Around the same time I built an unrelated widget - also for my own use - that had been designed by someone else using KiCAD. The board was fine and I didn't encounter any problems in getting it populated and up and running, but his schematic was hard to follow because - rather than consisting of contiguous, unbroken lines connecting symbols together - many of the lines were stubs and fragments that had been labeled, indicating that they connect to similarly-labeled stubs and fragments elsewhere in the diagram. This is really a pain in the ass - you have to waste time where's-waldoing around a drawing looking for the matching tags, and what usually happens is you get sick of it and break out the 10-colour hilighting marker set. I've worked with extreme examples of this nonsense in the past - diagrams spread over dozens of nearly-empty B-size sheets and with almost no lines connecting the schematic symbols; instead, every line-end tagged to indicate which tag on which sheet it's connected to. It was awful. You spend all your time flipping back and forth between pages, trying to find the connections, and can't get a coherent picture of what the whole circuit actually looks like.
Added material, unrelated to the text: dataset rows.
(* Let $d\geq 0$ and $0<i\leq d+1$ be integers, and write $d+1=qi+r$ with integers $q\geq 0$, $1\leq r\leq i$. Let $\Delta\in\mathcal{C}(i,d)$. Then $f_0(\Delta)\geq f_0(S(i,d))=q(i+1)+r+1$.
   Context: All simplicial complexes are finite abstract simplicial complexes; $f_j(\Delta)$ denotes the number of $j$-dimensional faces of $\Delta$. A set $F$ of vertices is a missing face of $\Delta$ if $F\notin\Delta$ but every proper subset of $F$ is in $\Delta$; its dimension is $|F|-1$. $\mathcal{C}(i,d)$ denotes the family of $d$-dimensional simplicial complexes $\Delta$ with $\tilde H_d(\Delta;\mathbb{Z})\neq 0$ (reduced homology) and with no missing faces of dimension $>i$. For integers $d\geq 0$, $i>0$ with $d+1=qi+r$ ($q\geq 0$, $1\leq r\leq i$), $S(i,d)$ is the simplicial join of $q$ copies of $\partial\sigma^i$ and one copy of $\partial\sigma^r$ on pairwise disjoint vertex sets, where $\partial\sigma^k$ is the boundary complex of the $k$-simplex. *)

theory Defs
  imports Main
begin

text \<open>Finite abstract simplicial complexes: a finite nonempty family of finite sets
  closed under taking subsets (so the empty face belongs to every complex).\<close>
definition simplicial_complex :: "'a set set \<Rightarrow> bool" where
  "simplicial_complex \<Delta> \<longleftrightarrow> finite \<Delta> \<and> \<Delta> \<noteq> {} \<and> (\<forall>F\<in>\<Delta>. finite F)
     \<and> (\<forall>F\<in>\<Delta>. \<forall>G. G \<subseteq> F \<longrightarrow> G \<in> \<Delta>)"

definition vertices :: "'a set set \<Rightarrow> 'a set" where
  "vertices \<Delta> = \<Union>\<Delta>"

definition has_dim :: "'a set set \<Rightarrow> nat \<Rightarrow> bool" where
  "has_dim \<Delta> d \<longleftrightarrow> (\<exists>F\<in>\<Delta>. card F = d + 1) \<and> (\<forall>F\<in>\<Delta>. card F \<le> d + 1)"

definition fvec :: "nat \<Rightarrow> 'a set set \<Rightarrow> nat" where
  "fvec j \<Delta> = card {F\<in>\<Delta>. card F = j + 1}"

definition missing_face :: "'a set set \<Rightarrow> 'a set \<Rightarrow> bool" where
  "missing_face \<Delta> F \<longleftrightarrow> F \<subseteq> vertices \<Delta> \<and> F \<notin> \<Delta> \<and> (\<forall>G. G \<subset> F \<longrightarrow> G \<in> \<Delta>)"

text \<open>Augmented (reduced) simplicial chain complex with integer coefficients.
  A chain of faces with n elements (dimension n-1; n = 0 is the empty face, giving
  the augmentation) is an integer function supported on such faces. Orientation is
  induced by the linear order on vertices.\<close>
definition chains :: "'a set set \<Rightarrow> nat \<Rightarrow> ('a set \<Rightarrow> int) set" where
  "chains \<Delta> n = {c. \<forall>F. c F \<noteq> 0 \<longrightarrow> F \<in> \<Delta> \<and> card F = n}"

definition bd :: "('a::linorder) set set \<Rightarrow> ('a set \<Rightarrow> int) \<Rightarrow> 'a set \<Rightarrow> int" where
  "bd \<Delta> c G = (\<Sum>v\<in>vertices \<Delta> - G. (-1) ^ card {x\<in>G. x < v} * c (insert v G))"

definition reduced_homology_nonzero :: "('a::linorder) set set \<Rightarrow> nat \<Rightarrow> bool" where
  "reduced_homology_nonzero \<Delta> d \<longleftrightarrow>
     (\<exists>c\<in>chains \<Delta> (d + 1). bd \<Delta> c = (\<lambda>_. 0) \<and> \<not> (\<exists>b\<in>chains \<Delta> (d + 2). bd \<Delta> b = c))"

definition class_C :: "nat \<Rightarrow> nat \<Rightarrow> ('a::linorder) set set \<Rightarrow> bool" where
  "class_C i d \<Delta> \<longleftrightarrow> simplicial_complex \<Delta> \<and> has_dim \<Delta> d \<and> reduced_homology_nonzero \<Delta> d
     \<and> (\<forall>F. missing_face \<Delta> F \<longrightarrow> card F \<le> i + 1)"

text \<open>S(i,d): with d+1 = q*i + r, 1 \<le> r \<le> i (so q = d div i, r = d mod i + 1),
  the join of q copies of the boundary of the i-simplex (vertex blocks
  {j} \<times> {0..i}, j < q) and the boundary of the r-simplex (block {q} \<times> {0..r}).
  A face of the join is a union of a face of each factor.\<close>
definition S_block :: "nat \<Rightarrow> nat \<Rightarrow> nat \<Rightarrow> (nat \<times> nat) set" where
  "S_block i d j = (if j < d div i then {j} \<times> {0..i} else {d div i} \<times> {0..d mod i + 1})"

definition S_complex :: "nat \<Rightarrow> nat \<Rightarrow> (nat \<times> nat) set set" where
  "S_complex i d = {F. F \<subseteq> (\<Union>j\<le>d div i. S_block i d j)
      \<and> (\<forall>j\<le>d div i. F \<inter> S_block i d j \<subset> S_block i d j)}"

end

theory Submission
  imports Defs
begin
definition iso00_data ::
  "('r::ring_1, 's::ring_1, 'm::ab_group_add, 'n::ab_group_add) morita \<Rightarrow>
   ('r2::ring_1, 's2::ring_1, 'm2::ab_group_add, 'n2::ab_group_add) morita \<Rightarrow>
   ('r \<Rightarrow> 'r2) \<Rightarrow> ('s \<Rightarrow> 's2) \<Rightarrow> ('m \<Rightarrow> 'm2) \<Rightarrow> ('n \<Rightarrow> 'n2) \<Rightarrow> bool" where
  "iso00_data C C' \<gamma> \<delta> u v \<longleftrightarrow>
      ring_iso \<gamma> \<and> ring_iso \<delta> \<and> additive_bij u \<and> additive_bij v \<and>
      (\<forall>r m s. u (rM C (lM C r m) s) = rM C' (lM C' (\<gamma> r) (u m)) (\<delta> s)) \<and>
      (\<forall>s n r. v (rN C (lN C s n) r) = rN C' (lN C' (\<delta> s) (v n)) (\<gamma> r)) \<and>
      (\<forall>m n. pf C' (u m) (v n) = \<gamma> (pf C m n)) \<and>
      (\<forall>m n. pg C' (v n) (u m) = \<delta> (pg C n m))"

definition iso00_map ::
  "('r2::ring_1, 's2::ring_1, 'm2::ab_group_add, 'n2::ab_group_add) morita \<Rightarrow>
   ('r \<Rightarrow> 'r2) \<Rightarrow> ('s \<Rightarrow> 's2) \<Rightarrow> ('m \<Rightarrow> 'm2) \<Rightarrow> ('n \<Rightarrow> 'n2) \<Rightarrow> 'm2 \<Rightarrow> 'n2 \<Rightarrow>
   ('r, 's, 'm, 'n) mcr \<Rightarrow> ('r2, 's2, 'm2, 'n2) mcr" where
  "iso00_map C' \<gamma> \<delta> u v m0 n0 =
     tri_map \<gamma> \<delta> u v (\<lambda>g d. lM C' g m0 - rM C' m0 d) (\<lambda>g d. rN C' n0 g - lN C' d n0)"

lemma iso00_map_apply:
  "iso00_map C' \<gamma> \<delta> u v m0 n0 (r, m, n, s) =
     (\<gamma> r, lM C' (\<gamma> r) m0 - rM C' m0 (\<delta> s) + u m, rN C' n0 (\<gamma> r) - lN C' (\<delta> s) n0 + v n, \<delta> s)"
  by (simp add: iso00_map_def tri_map_apply)

lemma Iso_00_conv:
  "Iso_00 C C' = {\<phi>. \<exists>\<gamma> \<delta> u v m0 n0.
     iso00_data C C' \<gamma> \<delta> u v \<and> pairing_null C' m0 n0 \<and> \<phi> = iso00_map C' \<gamma> \<delta> u v m0 n0}"
  unfolding Iso_00_def iso00_data_def pairing_null_def iso00_map_def tri_map_def by blast

lemma pairing_null_consequences:
  assumes ctx: "morita_context C" and null: "pairing_null C m0 n0"
  shows "pf C m0 n = 0" "pg C n m0 = 0" "pf C m n0 = 0" "pg C n0 m = 0"
    "pf C m (lN C s n0) = 0" "pg C n (lM C a m0) = 0"
    "rM C m0 (pg C n m) = 0" "lN C (pg C n m) n0 = 0"
proof -
  interpret morita_ctx C by (rule morita_ctx.intro) (rule ctx)
  have z: "\<And>n. pf C m0 n = 0" "\<And>n. pg C n m0 = 0" "\<And>m. pf C m n0 = 0" "\<And>m. pg C n0 m = 0"
    using null unfolding pairing_null_def by auto
  then show "pf C m0 n = 0" "pg C n m0 = 0" "pf C m n0 = 0" "pg C n0 m = 0" by auto
  show "pf C m (lN C s n0) = 0" using pf_rM[of m s n0] z by simp
  show "pg C n (lM C a m0) = 0" using pg_rN[of n a m0] z by simp
  show "rM C m0 (pg C n m) = 0" using lM_pf[of m0 n m] z by simp
  show "lN C (pg C n m) n0 = 0" using rN_pf[of n m n0] z by simp
qed

lemma iso00_map_semigraded_iso:
  fixes C :: "('r::ring_1, 's::ring_1, 'm::ab_group_add, 'n::ab_group_add) morita"
    and C' :: "('r2::ring_1, 's2::ring_1, 'm2::ab_group_add, 'n2::ab_group_add) morita"
  assumes ctx: "morita_context C" and ctx': "morita_context C'"
    and data: "iso00_data C C' \<gamma> \<delta> u v" and null: "pairing_null C' m0 n0"
  shows "mc_ring_iso C C' (iso00_map C' \<gamma> \<delta> u v m0 n0) \<and> mc_semigraded (iso00_map C' \<gamma> \<delta> u v m0 n0)"
proof -
  interpret src: morita_ctx C by (rule morita_ctx.intro) (rule ctx)
  interpret tgt: morita_ctx C' by (rule morita_ctx.intro) (rule ctx')
  have g: "ring_iso \<gamma>" and d: "ring_iso \<delta>" and u: "additive_bij u" and v: "additive_bij v"
    and um: "\<And>r m s. u (rM C (lM C r m) s) = rM C' (lM C' (\<gamma> r) (u m)) (\<delta> s)"
    and vn: "\<And>s n r. v (rN C (lN C s n) r) = rN C' (lN C' (\<delta> s) (v n)) (\<gamma> r)"
    and pf_compat[simp]: "\<And>m n. \<gamma> (pf C m n) = pf C' (u m) (v n)"
    and pg_compat[simp]: "\<And>m n. \<delta> (pg C n m) = pg C' (v n) (u m)"
    using data unfolding iso00_data_def by auto
  note [simp] = ring_iso_simps[OF g] ring_iso_simps[OF d] additive_bij_simps[OF u]
    additive_bij_simps[OF v] pairing_null_consequences[OF ctx' null]
  have [simp]: "u (lM C r m) = lM C' (\<gamma> r) (u m)" "u (rM C m s) = rM C' (u m) (\<delta> s)"
    "v (lN C s n) = lN C' (\<delta> s) (v n)" "v (rN C n r) = rN C' (v n) (\<gamma> r)" for r m s n
    using um[of r m 1] um[of 1 m s] vn[of s n 1] vn[of 1 n r] by simp_all
  let ?p = "iso00_map C' \<gamma> \<delta> u v m0 n0"
  have "?p (mc_add x y) = mc_add (?p x) (?p y)" for x y
    by (cases x; cases y) (simp add: iso00_map_apply mc_add_def algebra_simps)
  moreover have "?p (mc_mult C x y) = mc_mult C' (?p x) (?p y)" for x y
    by (cases x; cases y) (simp add: iso00_map_apply mc_mult_def algebra_simps)
  moreover have "?p mc_one = mc_one"
    by (simp add: iso00_map_apply mc_one_def)
  moreover have "bij ?p"
    using g d u v unfolding iso00_map_def tri_map_bij_iff ring_iso_def additive_bij_def by simp
  moreover have "mc_semigraded ?p"
    unfolding mc_semigraded_def by (auto simp: mc_comp_def iso00_map_apply)
  ultimately show ?thesis unfolding mc_ring_iso_def by blast
qed
text \<open>homogeneous monomials of degree exactly d ([x]_d; as x_1=1 these give all monomials of degree \<le> d)\<close>
definition mons_hom :: "nat \<Rightarrow> (nat \<Rightarrow> nat) set" where
  "mons_hom d = {\<alpha>. (\<forall>i\<ge>13. \<alpha> i = 0) \<and> (\<Sum>i<13. \<alpha> i) = d}"

definition mons_le :: "nat \<Rightarrow> (nat \<Rightarrow> nat) set" where
  "mons_le d = {\<alpha>. (\<forall>i\<ge>13. \<alpha> i = 0) \<and> (\<Sum>i<13. \<alpha> i) \<le> d}"

definition polys :: "nat \<Rightarrow> (real vec \<Rightarrow> real) set" where
  "polys d = {p. \<exists>c. \<forall>x \<in> carrier_vec 13. p x = (\<Sum>\<alpha>\<in>mons_le d. c \<alpha> * mono \<alpha> x)}"

definition sos :: "nat \<Rightarrow> (real vec \<Rightarrow> real) \<Rightarrow> bool" where
  "sos k p \<longleftrightarrow> (\<exists>G :: (nat \<Rightarrow> nat) \<Rightarrow> (nat \<Rightarrow> nat) \<Rightarrow> real.
      (\<forall>\<alpha>\<in>mons_hom k. \<forall>\<beta>\<in>mons_hom k. G \<alpha> \<beta> = G \<beta> \<alpha>) \<and>
      (\<forall>v. (\<Sum>\<alpha>\<in>mons_hom k. \<Sum>\<beta>\<in>mons_hom k. v \<alpha> * G \<alpha> \<beta> * v \<beta>) \<ge> 0) \<and>
      (\<forall>x \<in> carrier_vec 13. x $ 0 = 1 \<longrightarrow>
          p x = (\<Sum>\<alpha>\<in>mons_hom k. \<Sum>\<beta>\<in>mons_hom k. G \<alpha> \<beta> * mono \<alpha> x * mono \<beta> x)))"

definition rcol :: "real vec \<Rightarrow> nat \<Rightarrow> nat \<Rightarrow> real" where
  "rcol x c i = x $ (1 + 3 * c + i)"

definition tcomp :: "real vec \<Rightarrow> nat \<Rightarrow> real" where
  "tcomp x i = x $ (10 + i)"

definition cross3c :: "(nat \<Rightarrow> real) \<Rightarrow> (nat \<Rightarrow> real) \<Rightarrow> nat \<Rightarrow> real" where
  "cross3c a b c = (if c = 0 then a 1 * b 2 - a 2 * b 1
                    else if c = 1 then a 2 * b 0 - a 0 * b 2
                    else a 0 * b 1 - a 1 * b 0)"

definition dot3 :: "(nat \<Rightarrow> real) \<Rightarrow> (nat \<Rightarrow> real) \<Rightarrow> real" where
  "dot3 a b = (\<Sum>i<3. a i * b i)"

definition so3_eq :: "nat \<Rightarrow> real vec \<Rightarrow> real" where
  "so3_eq j x =
    (let h = x $ 0; r = rcol x in
     if j < 3 then dot3 (r j) (r j) - h ^ 2
     else if j = 3 then dot3 (r 0) (r 1)
     else if j = 4 then dot3 (r 0) (r 2)
     else if j = 5 then dot3 (r 1) (r 2)
     else if j < 9 then cross3c (r 0) (r 1) (j - 6) - h * r 2 (j - 6)
     else if j < 12 then cross3c (r 1) (r 2) (j - 9) - h * r 0 (j - 9)
     else cross3c (r 2) (r 0) (j - 12) - h * r 1 (j - 12))"

definition cam_pt :: "(nat \<Rightarrow> real vec) \<Rightarrow> nat \<Rightarrow> real vec \<Rightarrow> nat \<Rightarrow> real" where
  "cam_pt b k x i = (\<Sum>c<3. rcol x c i * (b k $ c)) + tcomp x i"

definition Kmul :: "real mat \<Rightarrow> (nat \<Rightarrow> real) \<Rightarrow> nat \<Rightarrow> real" where
  "Kmul K p j = (\<Sum>c<3. K $$ (j, c) * p c)"

definition ell :: "real mat \<Rightarrow> (nat \<Rightarrow> real vec) \<Rightarrow> (nat \<Rightarrow> real) \<Rightarrow> (nat \<Rightarrow> real)
      \<Rightarrow> (nat \<Rightarrow> real) \<Rightarrow> nat \<Rightarrow> real vec \<Rightarrow> real" where
  "ell K b u v rad i x =
    (let k = i div 5; m = i mod 5; p = cam_pt b k x;
         e1 = u k * p 2 - Kmul K p 0; e2 = v k * p 2 - Kmul K p 1 in
     if m = 0 then - p 2
     else if m = 1 then e1 - rad k * p 2
     else if m = 2 then - e1 - rad k * p 2
     else if m = 3 then e2 - rad k * p 2
     else - e2 - rad k * p 2)"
Slowly it dawned on me what these two schematics had in common: They were bad because KiCAD makes doing good drawings harder - exactly the opposite of what CAD is supposed to do. Because the software doesn't have any understanding of what a connection is, moving anything is going to break the drawing and result in wasted effort reconnecting what you'd already connected (or so you thought) - or looking for the connections you didn't put there. Enough of that, and pretty soon you're just saying "Fuck it, there's no point in actually drawing these connections because they're just going to get trashed later. So let's sidestep the problem by putting a label on a stub so there's no line to mess up." Similarly, reverse engineering - even a simple circuit - is a lot of work because you usually just slap down the symbols, wire them up as you gather the connection information from the example PCB, then rearrange the drawing into logical sense. If that rearrangement process is a painful one, you're more likely to just leave the symbols where they were, regardless of how incomprehensible the drawing is as a result.
So the lesson here is that:
Bad schematic capture breeds bad schematics.
And that is how a gradual degradation of standards happens. The more people adopt (and are conditioned to accept) shoddy tools, the more bad schematics will become the norm, and the new generation will come up without understanding how these drawings should look and function.
Finally (I hope?), a personal note:
Another result of the widespread adoption of KiCAD has been the pernicious European influence on our schematics. I grew up reading Popular Electronics, but in the late 70s and early 80s I bought the odd issue of (the English magazine) Elektor and found the schematics not just foreign, but perverse (like German porn is to North Americans), so I'm going to exhibit a shameless North American chauvinism here:
Goddammit, we invented the electronics industry, and allowing the invasion of this software to drive a Eurotrash replacement of our symbols is not acceptable. Resistors are fucking zigzags, not boxes. Capacitors are curved, not flat. And (default) grounds have parallel lines - if you want to lay down a triangle, it had better be a different ground. So if you're in the US or Canada, show some fucking pride and use our schematic symbols rather than being a lazy piece of shit and letting these immigrants poison the blood of our schematics with their degenerate symbol libraries, motherfucker.